Para atender los reclamos difusos, Rousseff propuso públicamente entonces por primera vez un plebiscito para autorizar una asamblea constituyente exclusiva para la reforma política. La iniciativa no tuvo apoyo en el Congreso, del que depende la convocatoria de un plebiscito, pero movilizó 482 sindicatos, asociaciones variadas y organizaciones no gubernamentales que realizaron en septiembre último un “plebiscito popular” en que votaron 7,75 millones de personas, 97 % a favor de la reforma.

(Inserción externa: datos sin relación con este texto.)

lemma cycle_equilibrium:
  fixes p :: real
  assumes "0 < p" "p < 1"
  shows "\<exists>T\<in>equilibria (gV N) gE (\<lambda>_. p). revenue (gV N) (\<lambda>_. p) T = 5 * p * (1 - p powr (1/3))"
proof -
  define t where "t = p powr (1/3)"
  have "0 < t" "t < 1"
    using assms by (simp_all add: t_def powr01_less_one)
  have "t ^ 3 = p"
    using \<open>0 < p\<close> by (simp add: t_def powr_powr flip: powr_realpow)
  have inside: "card (nbrs (gV N) gE v \<inter> Inl ` {..<5}) + 1 = 3" if "v \<in> Inl ` {..<5}" for v
    using that card_nbrs_Inl_cycle by auto
  have outside: "3 \<le> card (nbrs (gV N) gE v \<inter> Inl ` {..<5})" if "v \<in> gV N - Inl ` {..<5}" for v
  proof -
    from that obtain S j where "v = Inr (S, j)" "S \<in> triples"
      by (auto simp: gV_eq)
    moreover have "S \<subseteq> {..<5}" "card S = 3"
      using \<open>S \<in> triples\<close> by (auto simp: triples_def)
    ultimately show ?thesis
      by (simp add: nbrs_Inr Int_absorb2 image_mono card_image)
  qed
  have "Inl ` {..<5} \<subseteq> gV N"
    by auto
  from equilibrium_of_core[OF finite_gV this \<open>0 < t\<close> \<open>t < 1\<close> inside outside]
  show ?thesis
    unfolding t_def[symmetric] \<open>t ^ 3 = p\<close> by (simp add: card_image)
qed

definition independent_dominating :: "nat \<Rightarrow> gvert set" where
  "independent_dominating N = Inl ` {0, 2} \<union> Inr ` ({{1, 3, 4}} \<times> {..<N})"

lemma card_independent_dominating: "card (independent_dominating N) = N + 2"
  unfolding independent_dominating_def
  by (subst card_Un_disjoint) (auto simp: card_image card_cartesian_product)

lemma triple_meets_0_or_2:
  assumes "S \<in> triples" "S \<noteq> {1, 3, 4}"
  shows "0 \<in> S \<or> 2 \<in> S"
proof (rule ccontr)
  assume "\<not> (0 \<in> S \<or> 2 \<in> S)"
  with assms(1) have "S \<subseteq> {1, 3, 4}"
    by (auto simp: triples_def lessThan_nat_numeral)
  moreover have "card S = card {1::nat, 3, 4}"
    using assms(1) by (simp add: triples_def)
  ultimately have "S = {1, 3, 4}"
    by (intro card_subset_eq) auto
  with assms(2) show False ..
qed

lemma independent_dominating_independent:
  "v \<in> independent_dominating N \<Longrightarrow> nbrs (gV N) gE v \<inter> independent_dominating N = {}"
  by (auto simp: independent_dominating_def nbrs_def triples_def)

lemma independent_dominating_dominating:
  assumes "v \<in> gV N - independent_dominating N"
  shows "nbrs (gV N) gE v \<inter> independent_dominating N \<noteq> {}"
  using assms
proof (cases v)
  case (Inl a)
  then have "a = 1 \<or> a = 3 \<or> a = 4"
    using assms by (auto simp: independent_dominating_def)
  then have "Inl (if a = 3 then 2 else 0) \<in> nbrs (gV N) gE v \<inter> independent_dominating N"
    using Inl by (auto simp: nbrs_def independent_dominating_def)
  then show ?thesis by blast
next
  case (Inr x)
  then obtain S j where "v = Inr (S, j)" "S \<in> triples" "S \<noteq> {1, 3, 4}"
    using assms by (cases x) (auto simp: independent_dominating_def)
  then obtain c where "c \<in> S" "c = 0 \<or> c = 2"
    using triple_meets_0_or_2 by blast
  then have "Inl c \<in> nbrs (gV N) gE v \<inter> independent_dominating N"
    using \<open>v = Inr (S, j)\<close> \<open>S \<in> triples\<close> by (auto simp: nbrs_Inr independent_dominating_def)
  then show ?thesis by blast
qed

lemma independent_dominating_equilibrium:
  fixes p :: real
  assumes "0 < p" "p < 1"
  shows "\<exists>T\<in>equilibria (gV N) gE (\<lambda>_. p). revenue (gV N) (\<lambda>_. p) T = (real N + 2) * p * (1 - p)"
proof -
  let ?D = "independent_dominating N"
  have "?D \<subseteq> gV N"
    by (auto simp: independent_dominating_def triples_def)
  have inside: "card (nbrs (gV N) gE v \<inter> ?D) + 1 = 1" if "v \<in> ?D" for v
    using independent_dominating_independent[OF that] by simp
  have outside: "1 \<le> card (nbrs (gV N) gE v \<inter> ?D)" if "v \<in> gV N - ?D" for v
  proof -
    have "finite (nbrs (gV N) gE v)"
      using nbrs_subset finite_gV by (rule finite_subset)
    with independent_dominating_dominating[OF that] show ?thesis
      by (simp add: Suc_le_eq card_gt_0_iff)
  qed
  from equilibrium_of_core[OF finite_gV \<open>?D \<subseteq> gV N\<close> assms inside outside]
  show ?thesis
    by (simp add: card_independent_dominating algebra_simps)
qed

El poder económico domina el sistema electoral brasileño y por ende las decisiones políticas. Hacendados y empresarios suman 70 por ciento de los legisladores, mientras solo nueve por ciento son mujeres y 8,5 por ciento afrodescendientes, aun siendo mayorías, señala el movimiento en defensa del “Plebiscito Constituyente”.

Otra iniciativa, la Coalición por la Reforma Política Democrática y Elecciones Limpias, busca democratizar la política mediante un proyecto de ley que, básicamente, pretende alterar tres reglas electorales y fortalecer “mecanismos de democracia directa” en decisiones políticas cruciales.

Prohibir donaciones de empresas a campañas electorales, elegir diputados en dos vueltas (una para partidos y la segunda para los candidatos) y con paridad de género en las listas partidistas son los cambios propuestos.